# What you should do
Look through the records and copy each line that has "cases" in it.

____________________

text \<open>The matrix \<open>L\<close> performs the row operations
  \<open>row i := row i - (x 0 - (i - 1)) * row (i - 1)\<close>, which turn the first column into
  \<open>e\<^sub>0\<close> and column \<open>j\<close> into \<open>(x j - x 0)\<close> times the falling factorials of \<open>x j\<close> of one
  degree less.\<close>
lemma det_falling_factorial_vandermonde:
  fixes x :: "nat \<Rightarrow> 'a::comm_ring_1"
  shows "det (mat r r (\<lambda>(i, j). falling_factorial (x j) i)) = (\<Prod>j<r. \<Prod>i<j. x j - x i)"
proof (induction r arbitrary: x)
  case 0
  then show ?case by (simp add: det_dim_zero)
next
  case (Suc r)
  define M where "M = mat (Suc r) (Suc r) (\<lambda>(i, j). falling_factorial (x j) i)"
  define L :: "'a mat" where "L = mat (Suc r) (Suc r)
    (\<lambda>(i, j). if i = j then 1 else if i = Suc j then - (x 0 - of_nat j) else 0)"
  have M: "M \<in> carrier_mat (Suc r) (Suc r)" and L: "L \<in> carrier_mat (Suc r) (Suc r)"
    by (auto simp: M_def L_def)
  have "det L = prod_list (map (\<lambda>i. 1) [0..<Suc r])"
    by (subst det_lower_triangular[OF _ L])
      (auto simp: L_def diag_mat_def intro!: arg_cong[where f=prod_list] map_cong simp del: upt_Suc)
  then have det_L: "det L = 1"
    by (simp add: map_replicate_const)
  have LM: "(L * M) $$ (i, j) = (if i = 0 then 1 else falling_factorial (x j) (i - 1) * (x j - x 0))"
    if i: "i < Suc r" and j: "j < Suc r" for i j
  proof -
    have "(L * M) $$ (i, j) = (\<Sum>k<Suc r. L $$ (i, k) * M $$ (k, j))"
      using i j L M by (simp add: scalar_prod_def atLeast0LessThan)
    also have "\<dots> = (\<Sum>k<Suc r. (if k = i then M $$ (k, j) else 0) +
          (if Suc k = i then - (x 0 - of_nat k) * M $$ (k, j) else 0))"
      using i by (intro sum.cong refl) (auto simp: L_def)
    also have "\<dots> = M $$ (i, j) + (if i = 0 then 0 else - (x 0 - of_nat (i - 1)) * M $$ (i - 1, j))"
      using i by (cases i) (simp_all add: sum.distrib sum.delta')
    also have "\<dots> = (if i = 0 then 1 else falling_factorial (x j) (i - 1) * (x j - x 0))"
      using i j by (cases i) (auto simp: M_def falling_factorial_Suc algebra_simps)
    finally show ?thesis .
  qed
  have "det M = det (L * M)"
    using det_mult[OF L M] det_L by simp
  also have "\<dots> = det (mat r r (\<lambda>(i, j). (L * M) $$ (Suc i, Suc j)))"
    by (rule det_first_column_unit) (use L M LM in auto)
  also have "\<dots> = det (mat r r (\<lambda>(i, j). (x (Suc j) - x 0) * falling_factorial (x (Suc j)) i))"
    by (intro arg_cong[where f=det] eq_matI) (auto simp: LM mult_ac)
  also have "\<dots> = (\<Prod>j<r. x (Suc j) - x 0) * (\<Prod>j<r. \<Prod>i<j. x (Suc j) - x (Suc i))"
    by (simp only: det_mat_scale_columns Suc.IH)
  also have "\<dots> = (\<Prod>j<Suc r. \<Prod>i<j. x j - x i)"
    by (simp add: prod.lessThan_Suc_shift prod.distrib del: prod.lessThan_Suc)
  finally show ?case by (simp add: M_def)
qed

____________________

# Output of the exercise
      using i by (cases i) (simp_all add: sum.distrib sum.delta')
      using i j by (cases i) (auto simp: M_def falling_factorial_Suc algebra_simps)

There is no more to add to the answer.